Whether it is the overall excellence of the Sierra MatchKing, or its
virtual endorsement within the upper echelons of the military, the #2200
boat tail hollow point was the round of preference for snipers and .30
caliber High Power competitors alike. Aside from Federal, Remington and
Samson (IMI) both load it in their commercially available "match"
rounds, while Winchester uses it in their Ranger line of law enforcement
ammunition.

In 1993, another Parks-authored opinion cleared the way for the U.S.
Special Operations Command to procure a Winchester 230-grain JHP ("Black
Talon," yet!) for issue with its H&K-manufactured Mk 23 Mod 0 pistol.
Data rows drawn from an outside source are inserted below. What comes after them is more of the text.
(* Let $f\in C([0,1])$ with $f>0$, $\lambda>0$, $H_\lambda=\{a\in C([0,1]):a>\lambda \text{ on }[0,1]\}$, and $F(a)(x)=\int_0^x \frac{\int_0^z f(s)ds}{a(z)}dz$. Let $W\subset C([0,1])$ be a finite-dimensional subspace, $K\subset W\cap H_\lambda$ compact and convex, and $(Q_N)_{N\in\mathbb{N}}$ a sequence of bounded finite-rank operators $Q_N:C([0,1])\to C([0,1])$ converging strongly to the identity. Then there exist $D\in\mathbb{N}$ and $C>0$ such that $\|a_1-a_2\|_\infty\le C\|Q_D(F(a_1))-Q_D(F(a_2))\|_\infty$ for all $a_1,a_2\in K$.
   Context: $C([0,1])$ carries the supremum norm $\|\cdot\|_\infty$. *)

theory Defs
  imports "HOL-Analysis.Analysis"
begin

text \<open>Elements of C([0,1]) are represented by functions real => real that are
continuous on {0..1}; only their values on {0..1} matter.\<close>

definition C01 :: "(real \<Rightarrow> real) set" where
  "C01 = {g. continuous_on {0..1} g}"

definition supn :: "(real \<Rightarrow> real) \<Rightarrow> real" where
  "supn g = (SUP x\<in>{0..1}. \<bar>g x\<bar>)"

definition eq01 :: "(real \<Rightarrow> real) \<Rightarrow> (real \<Rightarrow> real) \<Rightarrow> bool" where
  "eq01 g h \<longleftrightarrow> (\<forall>x\<in>{0..1}. g x = h x)"

definition bounded_finite_rank_op :: "((real \<Rightarrow> real) \<Rightarrow> (real \<Rightarrow> real)) \<Rightarrow> bool" where
  "bounded_finite_rank_op Q \<longleftrightarrow>
     (\<forall>g\<in>C01. Q g \<in> C01) \<and>
     (\<forall>g\<in>C01. \<forall>h\<in>C01. eq01 g h \<longrightarrow> eq01 (Q g) (Q h)) \<and>
     (\<forall>g\<in>C01. \<forall>h\<in>C01. eq01 (Q (\<lambda>x. g x + h x)) (\<lambda>x. Q g x + Q h x)) \<and>
     (\<forall>g\<in>C01. \<forall>c::real. eq01 (Q (\<lambda>x. c * g x)) (\<lambda>x. c * Q g x)) \<and>
     (\<exists>B. \<forall>g\<in>C01. supn (Q g) \<le> B * supn g) \<and>
     (\<exists>S. finite S \<and> S \<subseteq> C01 \<and>
        (\<forall>g\<in>C01. \<exists>c. eq01 (Q g) (\<lambda>x. \<Sum>s\<in>S. c s * s x)))"

definition fin_dim_subspace :: "(real \<Rightarrow> real) set \<Rightarrow> bool" where
  "fin_dim_subspace W \<longleftrightarrow>
     W \<subseteq> C01 \<and> (\<lambda>x. 0) \<in> W \<and>
     (\<forall>g\<in>W. \<forall>h\<in>W. (\<lambda>x. g x + h x) \<in> W) \<and>
     (\<forall>g\<in>W. \<forall>c::real. (\<lambda>x. c * g x) \<in> W) \<and>
     (\<exists>S. finite S \<and> S \<subseteq> W \<and> (\<forall>w\<in>W. \<exists>c. eq01 w (\<lambda>x. \<Sum>s\<in>S. c s * s x)))"

definition sup_compact :: "(real \<Rightarrow> real) set \<Rightarrow> bool" where
  "sup_compact K \<longleftrightarrow>
     (\<forall>s::nat \<Rightarrow> real \<Rightarrow> real. (\<forall>n. s n \<in> K) \<longrightarrow>
        (\<exists>a\<in>K. \<exists>r::nat \<Rightarrow> nat. strict_mono r \<and>
           (\<lambda>n. supn (\<lambda>x. s (r n) x - a x)) \<longlonglongrightarrow> 0))"

definition fconvex :: "(real \<Rightarrow> real) set \<Rightarrow> bool" where
  "fconvex K \<longleftrightarrow> (\<forall>a\<in>K. \<forall>b\<in>K. \<forall>t\<in>{0..1::real}. (\<lambda>x. t * a x + (1 - t) * b x) \<in> K)"

definition H :: "real \<Rightarrow> (real \<Rightarrow> real) set" where
  "H lam = {a\<in>C01. \<forall>x\<in>{0..1}. a x > lam}"

definition Fop :: "(real \<Rightarrow> real) \<Rightarrow> (real \<Rightarrow> real) \<Rightarrow> (real \<Rightarrow> real)" where
  "Fop f a = (\<lambda>x. integral {0..x} (\<lambda>z. integral {0..z} f / a z))"

end

theory Submission
  imports Defs
begin

text \<open>
  Suppose no pair \<open>(D, C)\<close> works. Then for every \<open>n\<close> there are \<open>a\<^sub>1\<^sup>n, a\<^sub>2\<^sup>n \<in> K\<close> with
  \<open>(n + 1) \<parallel>Q\<^sub>n (F a\<^sub>1\<^sup>n - F a\<^sub>2\<^sup>n)\<parallel> < \<parallel>a\<^sub>1\<^sup>n - a\<^sub>2\<^sup>n\<parallel> = \<delta>\<^sub>n\<close>. Compactness of \<open>K\<close> and
  finite dimensionality of \<open>W\<close> give a subsequence along which \<open>a\<^sub>i\<^sup>n \<rightarrow> a\<^sub>i\<close> and the unit vectors
  \<open>(a\<^sub>1\<^sup>n - a\<^sub>2\<^sup>n) / \<delta>\<^sub>n \<rightarrow> h\<close>, so \<open>\<parallel>h\<parallel> = 1\<close>. As
  \<open>F a\<^sub>1 - F a\<^sub>2 = -\<integral>\<^sub>0\<^sup>x G (a\<^sub>1 - a\<^sub>2) / (a\<^sub>1 a\<^sub>2)\<close> with \<open>G z = \<integral>\<^sub>0\<^sup>z f > 0\<close> for \<open>z > 0\<close>, the quotients
  \<open>(F a\<^sub>1\<^sup>n - F a\<^sub>2\<^sup>n) / \<delta>\<^sub>n\<close> converge uniformly to \<open>v = -\<integral>\<^sub>0\<^sup>x G h / (a\<^sub>1 a\<^sub>2)\<close>, while their images
  under \<open>Q\<^sub>n\<close> tend to \<open>0\<close>. The operators \<open>Q\<^sub>n\<close> are uniformly bounded (Banach--Steinhaus, via the
  Baire category theorem in the space of bounded continuous functions) and converge strongly,
  hence \<open>v = 0\<close>; differentiating, \<open>G h / (a\<^sub>1 a\<^sub>2) = 0\<close>, so \<open>h = 0\<close>, a contradiction.
\<close>

section \<open>The supremum norm on \<open>[0, 1]\<close>\<close>

lemma abs_le_supn:
  fixes g :: "real \<Rightarrow> real"
  assumes "continuous_on {0..1} g" "x \<in> {0..1}"
  shows "\<bar>g x\<bar> \<le> supn g"
proof -
  have "bounded (g ` {0..1})"
    by (rule compact_imp_bounded[OF compact_continuous_image[OF assms(1) compact_Icc]])
  then obtain B where "\<forall>y\<in>g ` {0..1}. norm y \<le> B"
    by (auto simp: bounded_iff)
  then have "bdd_above ((\<lambda>x. \<bar>g x\<bar>) ` {0..1})"
    by (intro bdd_aboveI2[where M = B]) auto
  then show ?thesis
    unfolding supn_def by (rule cSUP_upper[OF assms(2)])
qed

lemma supn_le:
  fixes g :: "real \<Rightarrow> real"
  assumes "\<And>x. x \<in> {0..1} \<Longrightarrow> \<bar>g x\<bar> \<le> b"
  shows "supn g \<le> b"
  unfolding supn_def by (rule cSUP_least) (use assms in auto)

lemma supn_nonneg: "continuous_on {0..1} g \<Longrightarrow> 0 \<le> supn g"
  using abs_le_supn[of g 0] by force

lemma supn_cong: "(\<And>x. x \<in> {0..1} \<Longrightarrow> g x = h x) \<Longrightarrow> supn g = supn h"
  unfolding supn_def by (rule SUP_cong) auto

lemma supn_eq01: "eq01 g h \<Longrightarrow> supn g = supn h"
  unfolding eq01_def by (rule supn_cong) auto

lemma supn_zero [simp]: "supn (\<lambda>x. 0) = 0"
  unfolding supn_def by simp

lemma supn_eq_0D:
  assumes "continuous_on {0..1} g" "supn g = 0" "x \<in> {0..1}"
  shows "g x = 0"
  using abs_le_supn[OF assms(1,3)] assms(2) by simp

lemma supn_le_add:
  assumes "\<And>x. x \<in> {0..1} \<Longrightarrow> \<bar>g x\<bar> \<le> \<bar>h1 x\<bar> + \<bar>h2 x\<bar>"
    and "continuous_on {0..1} h1" "continuous_on {0..1} h2"
  shows "supn g \<le> supn h1 + supn h2"
proof (rule supn_le)
  fix x :: real
  assume "x \<in> {0..1}"
  then show "\<bar>g x\<bar> \<le> supn h1 + supn h2"
    using assms(1) abs_le_supn[OF assms(2)] abs_le_supn[OF assms(3)] by fastforce
qed

lemma abs_supn_diff_le:
  assumes "continuous_on {0..1} g" "continuous_on {0..1} h"
  shows "\<bar>supn g - supn h\<bar> \<le> supn (\<lambda>x. g x - h x)"
proof -
  have "supn g \<le> supn (\<lambda>x. g x - h x) + supn h"
    by (rule supn_le_add) (auto intro!: continuous_intros assms)
  moreover have "supn h \<le> supn (\<lambda>x. g x - h x) + supn g"
    by (rule supn_le_add) (auto intro!: continuous_intros assms)
  ultimately show ?thesis by linarith
qed

lemma supn_cmult:
  assumes "continuous_on {0..1} g"
  shows "supn (\<lambda>x. c * g x) = \<bar>c\<bar> * supn g"
proof (rule antisym)
  show "supn (\<lambda>x. c * g x) \<le> \<bar>c\<bar> * supn g"
    by (rule supn_le) (auto simp: abs_mult intro!: mult_left_mono abs_le_supn assms)
next
  show "\<bar>c\<bar> * supn g \<le> supn (\<lambda>x. c * g x)"
  proof (cases "c = 0")
    case False
    have "supn g \<le> supn (\<lambda>x. c * g x) / \<bar>c\<bar>"
    proof (rule supn_le)
      fix x :: real
      assume "x \<in> {0..1}"
      then have "\<bar>c * g x\<bar> \<le> supn (\<lambda>x. c * g x)"
        by (intro abs_le_supn continuous_intros assms)
      then show "\<bar>g x\<bar> \<le> supn (\<lambda>x. c * g x) / \<bar>c\<bar>"
        using False by (simp add: abs_mult field_simps)
    qed
    then show ?thesis using False by (simp add: field_simps)
  qed simp
qed

lemma supn_normalised:
  assumes "continuous_on {0..1} g" "supn g \<noteq> 0"
  shows "supn (\<lambda>x. g x / supn g) = 1"
  using supn_cmult[OF assms(1), of "1 / supn g"] assms(2) supn_nonneg[OF assms(1)] by simp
Now, when the fat guy with the greasy beard who always seems to be
leaning on the end of the counter at the local gun store, starts
blathering about the Geneva Convention banning hollow point bullets, you
can educate him with the right information.

     "I believe you mean the Hague Peace Conferences of 1899 and 1907…."

…you can suggest, and then nail him beneath the bill of his CAT Diesel
cap with the JAG's recent opinions that 168-grain (and 175-grain) BTHPs
and 230-grain SXTs are in… and the Hague accords are o-u-t!